Data extracted from a collection:
*****

lemma single_orbit_base_imp_total: "single_orbit D K \<Longrightarrow> single_orbit E B"
  unfolding single_orbit_def
proof (intro ballI subset_antisym subsetI)
  fix y z assume K_orbits: "\<forall>x\<in>D. {(K ^^ k) x | k. True} = D" and "y \<in> E"
  show "z \<in> E" if "z \<in> {(B ^^ k) y | k. True}"
    using that \<open>y \<in> E\<close> B_funpow_mem by blast
  assume "z \<in> E"
  obtain x c where "x \<in> D" and x: "(B ^^ c) y = emb x" using enter[OF \<open>y \<in> E\<close>] by blast
  obtain w a where "w \<in> D" and w: "(B ^^ a) (emb w) = z" using leave[OF \<open>z \<in> E\<close>] by blast
  obtain q where "w = (K ^^ q) x" using K_orbits \<open>x \<in> D\<close> \<open>w \<in> D\<close> by blast
  then have "(B ^^ (a + h * q + c)) y = z"
    using x w return_funpow[OF \<open>x \<in> D\<close>] by (simp add: funpow_add)
  then show "z \<in> {(B ^^ k) y | k. True}" by blast
qed

lemma single_orbit_total_imp_base: "single_orbit E B \<Longrightarrow> single_orbit D K"
  unfolding single_orbit_def
proof (intro ballI subset_antisym subsetI)
  fix x z assume B_orbits: "\<forall>y\<in>E. {(B ^^ k) y | k. True} = E" and "x \<in> D"
  show "z \<in> D" if "z \<in> {(K ^^ k) x | k. True}"
    using that \<open>x \<in> D\<close> K_funpow_mem by blast
  assume "z \<in> D"
  have "{(B ^^ k) (emb x) | k. True} = E" using B_orbits emb_mem \<open>x \<in> D\<close> by blast
  then obtain k where k: "(B ^^ k) (emb x) = emb z"
    using emb_mem[OF \<open>z \<in> D\<close>] by auto
  have "k mod h = 0"
    using funpow_phase[of E B phase h, OF B_mem phase_step emb_mem[OF \<open>x \<in> D\<close>], of k]
    by (simp add: k phase_emb \<open>x \<in> D\<close> \<open>z \<in> D\<close> mod_add_left_eq[symmetric])
  then have "emb ((K ^^ (k div h)) x) = emb z"
    using k return_funpow[OF \<open>x \<in> D\<close>] by (metis add_0_right mult_div_mod_eq)
  then have "(K ^^ (k div h)) x = z"
    using inj_on_emb K_funpow_mem[OF \<open>x \<in> D\<close>] \<open>z \<in> D\<close> by (simp add: inj_on_eq_iff)
  then show "z \<in> {(K ^^ k) x | k. True}" by blast
qed

lemma single_orbit_iff: "single_orbit D K \<longleftrightarrow> single_orbit E B"
  using single_orbit_base_imp_total single_orbit_total_imp_base by blast

end

lemma sR_fst: "fst (sR n F x) = fst x"
  by (cases x) (simp add: sR_def)

lemma sR_mem:
  assumes "F \<subseteq> UNIV \<times> {..<n}" and "x \<in> F"
  shows "sR n F x \<in> F"
proof (cases x)
  case (Pair i j)
  then have "j < n" using assms by auto
  then show ?thesis
    using assms(2) Pair cyc_next_holds[of j n "\<lambda>c. (i, c) \<in> F"] by (simp add: sR_eq_cyc_next)
qed

lemma sC_mem:
  assumes "F \<subseteq> {..<m} \<times> UNIV" and "x \<in> F"
  shows "sC m F x \<in> F"
proof (cases x)
  case (Pair i j)
  then have "i < m" using assms by auto
  then show ?thesis
    using assms(2) Pair cyc_next_holds[of i m "\<lambda>r. (r, j) \<in> F"] by (simp add: sC_eq_cyc_next)
qed

lemma sR_funpow_mem: "F \<subseteq> UNIV \<times> {..<n} \<Longrightarrow> x \<in> F \<Longrightarrow> (sR n F ^^ k) x \<in> F"
  by (induction k) (simp_all add: sR_mem)

lemma bishop_mem: "F \<subseteq> {..<m} \<times> {..<n} \<Longrightarrow> x \<in> F \<Longrightarrow> bishop m n F x \<in> F"
  unfolding bishop_def by (auto intro!: sC_mem sR_mem)

lemma knight_mem: "F \<subseteq> {..<m} \<times> {..<n} \<Longrightarrow> x \<in> F \<Longrightarrow> knight m n F a x \<in> F"
  unfolding knight_def by (auto intro!: sC_mem sR_funpow_mem)

lemma inj_on_sR:
  assumes "F \<subseteq> UNIV \<times> {..<n}"
  shows "inj_on (sR n F) F"
proof (rule inj_onI)
  fix x y assume "x \<in> F" "y \<in> F" and eq: "sR n F x = sR n F y"
  obtain i j i' j' where x: "x = (i, j)" and y: "y = (i', j')" by fastforce
  have "i' = i" using arg_cong[OF eq, of fst] x y by (simp add: sR_fst)
  then have "cyc_next n (\<lambda>c. (i, c) \<in> F) j = cyc_next n (\<lambda>c. (i, c) \<in> F) j'"
    using eq x y by (simp add: sR_eq_cyc_next)
  moreover have "j \<in> {c. c < n \<and> (i, c) \<in> F}" "j' \<in> {c. c < n \<and> (i, c) \<in> F}"
    using assms \<open>x \<in> F\<close> \<open>y \<in> F\<close> x y \<open>i' = i\<close> by auto
  ultimately show "x = y"
    using x y \<open>i' = i\<close> inj_on_cyc_next[THEN inj_onD] by blast
qed

lemma sR_funpow_image:
  assumes "finite F" and "F \<subseteq> UNIV \<times> {..<n}"
  shows "(sR n F ^^ k) ` F = F"
proof -
  have "bij_betw (sR n F) F F"
    using assms by (simp add: bij_betw_def inj_on_sR endo_inj_surj sR_mem image_subsetI)
  then show ?thesis by (simp add: bij_betw_funpow bij_betw_imp_surj_on)
qed

section \<open>Blowing up rows\<close>

definition block_cell :: "nat \<Rightarrow> nat \<times> nat \<Rightarrow> nat \<Rightarrow> nat \<times> nat" where
  "block_cell h x s = (fst x * h + s, snd x)"

lemma block_cell_mem_kron_col: "x \<in> D \<Longrightarrow> s < h \<Longrightarrow> block_cell h x s \<in> kron_col h D"
  by (simp add: block_cell_def kron_col_def)

lemma kron_col_cases:
  assumes "y \<in> kron_col h D" and "0 < h"
  obtains x s where "x \<in> D" and "s < h" and "y = block_cell h x s"
proof -
  obtain i j where y: "y = (i, j)" by fastforce
  show ?thesis
  proof
    show "(i div h, j) \<in> D" using assms(1) y by (simp add: kron_col_def)
    show "i mod h < h" using assms(2) by simp
    show "y = block_cell h (i div h, j) (i mod h)" by (simp add: y block_cell_def)
  qed
qed

lemma inj_block_cell_0: "0 < h \<Longrightarrow> inj (\<lambda>x. block_cell h x 0)"
  by (rule injI) (simp add: block_cell_def prod_eq_iff)

lemma kron_col_subset:
  assumes "D \<subseteq> {..<m} \<times> {..<n}" and "0 < h"
  shows "kron_col h D \<subseteq> {..<m * h} \<times> {..<n}"
proof
  fix y assume "y \<in> kron_col h D"
  then obtain x s where "x \<in> D" "s < h" "y = block_cell h x s"
    using assms(2) by (rule kron_col_cases)
  moreover have "fst x * h + s < m * h" if "fst x < m" "s < h"
    using that mult_le_mono1[of "Suc (fst x)" m h] by simp
  ultimately show "y \<in> {..<m * h} \<times> {..<n}"
    using assms(1) by (auto simp: block_cell_def)
qed

lemma sR_kron_col:
  "s < h \<Longrightarrow> sR n (kron_col h D) (block_cell h x s) = block_cell h (sR n D x) s"
  by (cases x) (simp add: block_cell_def sR_eq_cyc_next kron_col_def)

lemma sC_kron_col:
  assumes "x \<in> D" and "fst x < m" and "s < h"
  shows "sC (m * h) (kron_col h D) (block_cell h x s) =
         (if Suc s < h then block_cell h x (Suc s) else block_cell h (sC m D x) 0)"
proof (cases x)
  case (Pair r j)
  have "(\<lambda>i. (i, j) \<in> kron_col h D) = (\<lambda>i. (i div h, j) \<in> D)"
    by (simp add: kron_col_def)
  then show ?thesis
    using cyc_next_blowup[of r m s h "\<lambda>r. (r, j) \<in> D"] assms Pair
    by (simp add: block_cell_def sC_eq_cyc_next)
qed

lemma bishop_kron_col:
  assumes "D \<subseteq> {..<m} \<times> {..<n}" and "x \<in> D" and "s < h"
  shows "bishop (m * h) n (kron_col h D) (block_cell h x s) =
         (if Suc s < h then block_cell h (sR n D x) (Suc s)
          else block_cell h (sC m D (sR n D x)) 0)"
proof -
  have "sR n D x \<in> D" using assms by (auto intro: sR_mem)
  moreover have "fst (sR n D x) < m" using assms by (auto simp: sR_fst)
  ultimately show ?thesis
    using assms(3) by (simp add: bishop_def sR_kron_col sC_kron_col)
qed

lemma bishop_funpow_kron_col:
  assumes "D \<subseteq> {..<m} \<times> {..<n}" and "x \<in> D" and "s + t < h"
  shows "(bishop (m * h) n (kron_col h D) ^^ t) (block_cell h x s) =
         block_cell h ((sR n D ^^ t) x) (s + t)"
  using assms(3)
proof (induction t)
  case (Suc t)
  have "(sR n D ^^ t) x \<in> D" using assms(1,2) by (auto intro: sR_funpow_mem)
  then show ?case using Suc assms(1) by (simp add: bishop_kron_col)
qed simp

lemma bishop_funpow_kron_col_exit:
  assumes "D \<subseteq> {..<m} \<times> {..<n}" and "x \<in> D" and "s < h"
  shows "(bishop (m * h) n (kron_col h D) ^^ (h - s)) (block_cell h x s) =
         block_cell h (knight m n D (h - s) x) 0"
proof -
  define t where "t = h - Suc s"
  have t: "h - s = Suc t" "Suc (s + t) = h" "s + t < h"
    using assms(3) by (simp_all add: t_def)
  have "(sR n D ^^ t) x \<in> D" using assms(1,2) by (auto intro: sR_funpow_mem)
  then show ?thesis
    using bishop_funpow_kron_col[OF assms(1,2) t(3)] assms(1) t(1,2)
    by (simp add: bishop_kron_col knight_def)
qed

lemma bishop_kron_col_reaches_top:
  assumes "D \<subseteq> {..<m} \<times> {..<n}" and "0 < h" and "y \<in> kron_col h D"
  shows "\<exists>x\<in>D. \<exists>k. (bishop (m * h) n (kron_col h D) ^^ k) y = block_cell h x 0"
proof -
  obtain x s where "x \<in> D" "s < h" "y = block_cell h x s"
    using assms(3,2) by (rule kron_col_cases)
  then have "(bishop (m * h) n (kron_col h D) ^^ (h - s)) y = block_cell h (knight m n D (h - s) x) 0"
    using bishop_funpow_kron_col_exit[OF assms(1)] by simp
  moreover have "knight m n D (h - s) x \<in> D"
    using assms(1) \<open>x \<in> D\<close> by (rule knight_mem)
  ultimately show ?thesis by blast
qed

lemma bishop_kron_col_reached_from_top:
  assumes "D \<subseteq> {..<m} \<times> {..<n}" and "0 < h" and "y \<in> kron_col h D"
  shows "\<exists>x\<in>D. \<exists>k. (bishop (m * h) n (kron_col h D) ^^ k) (block_cell h x 0) = y"
proof -
  obtain x s where "x \<in> D" "s < h" and y: "y = block_cell h x s"
    using assms(3,2) by (rule kron_col_cases)
  have "finite D" using assms(1) by (rule finite_subset) simp
  then obtain w where "w \<in> D" and "x = (sR n D ^^ s) w"
    using sR_funpow_image[of D n s] assms(1) \<open>x \<in> D\<close> by blast
  then show ?thesis
    using bishop_funpow_kron_col[OF assms(1) \<open>w \<in> D\<close>, of 0 s] \<open>s < h\<close> y by auto
qed

lemma bishop_kron_col_row_mod:
  assumes "D \<subseteq> {..<m} \<times> {..<n}" and "0 < h" and "y \<in> kron_col h D"
  shows "fst (bishop (m * h) n (kron_col h D) y) mod h = Suc (fst y) mod h"
proof -
  obtain x s where "x \<in> D" "s < h" and y: "y = block_cell h x s"
    using assms(3,2) by (rule kron_col_cases)
  note step = bishop_kron_col[OF assms(1) \<open>x \<in> D\<close> \<open>s < h\<close>]
  show ?thesis
  proof (cases "Suc s < h")
    case True
    then show ?thesis using step y by (simp add: block_cell_def sR_fst)
  next
    case False
    then have "Suc (fst y) = (fst x + 1) * h" using \<open>s < h\<close> y by (simp add: block_cell_def)
    then show ?thesis using step False y by (simp add: block_cell_def)
  qed
qed

lemma tower_kron_col:
  assumes D_sub: "D \<subseteq> {..<m} \<times> {..<n}" and "0 < h"
  shows "tower D (knight m n D h) (kron_col h D) (bishop (m * h) n (kron_col h D))
           (\<lambda>x. block_cell h x 0) h fst"
proof
  show "knight m n D h x \<in> D" if "x \<in> D" for x
    using D_sub that by (rule knight_mem)
  show "bishop (m * h) n (kron_col h D) y \<in> kron_col h D" if "y \<in> kron_col h D" for y
    using kron_col_subset[OF assms] that by (rule bishop_mem)
  show "block_cell h x 0 \<in> kron_col h D" if "x \<in> D" for x
    using that \<open>0 < h\<close> by (rule block_cell_mem_kron_col)
  show "inj_on (\<lambda>x. block_cell h x 0) D"
    using inj_block_cell_0[OF \<open>0 < h\<close>] by (rule inj_on_subset) simp
  show "(bishop (m * h) n (kron_col h D) ^^ h) (block_cell h x 0) = block_cell h (knight m n D h x) 0"
    if "x \<in> D" for x
    using bishop_funpow_kron_col_exit[OF D_sub that \<open>0 < h\<close>] by simp
  show "fst (block_cell h x 0) mod h = 0" for x
    by (simp add: block_cell_def)
qed (use assms in \<open>simp_all add: bishop_kron_col_reaches_top bishop_kron_col_reached_from_top
                                  bishop_kron_col_row_mod\<close>)

theorem lemma4p1:
  fixes m n h :: nat and D :: "(nat \<times> nat) set"
  assumes "is_array m n D" and "0 < h"
  shows "is_solution D (knight m n D h) \<longleftrightarrow>
         is_solution (kron_col h D) (bishop (m * h) n (kron_col h D))"
proof -
  have D_sub: "D \<subseteq> {..<m} \<times> {..<n}"
    using assms(1) by (simp add: is_array_def)
  have "finite D"
    using D_sub by (rule finite_subset) simp
  moreover have "finite (kron_col h D)"
    using kron_col_subset[OF D_sub \<open>0 < h\<close>] by (rule finite_subset) simp
  ultimately show ?thesis
    using tower.single_orbit_iff[OF tower_kron_col[OF D_sub \<open>0 < h\<close>]]
    by (simp add: is_solution_iff_single_orbit)
qed

end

*****

• WORK ORDER: When the line with "using that \<open>x" is reached in the data above, start copying there, and copy each line exactly until the line with "using k return_funpow[OF" has been copied; copy nothing else.

• SOLVED EXERCISE:
    using that \<open>x \<in> D\<close> K_funpow_mem by blast
  assume "z \<in> D"
  have "{(B ^^ k) (emb x) | k. True} = E" using B_orbits emb_mem \<open>x \<in> D\<close> by blast
  then obtain k where k: "(B ^^ k) (emb x) = emb z"
    using emb_mem[OF \<open>z \<in> D\<close>] by auto
  have "k mod h = 0"
    using funpow_phase[of E B phase h, OF B_mem phase_step emb_mem[OF \<open>x \<in> D\<close>], of k]
    by (simp add: k phase_emb \<open>x \<in> D\<close> \<open>z \<in> D\<close> mod_add_left_eq[symmetric])
  then have "emb ((K ^^ (k div h)) x) = emb z"
    using k return_funpow[OF \<open>x \<in> D\<close>] by (metis add_0_right mult_div_mod_eq)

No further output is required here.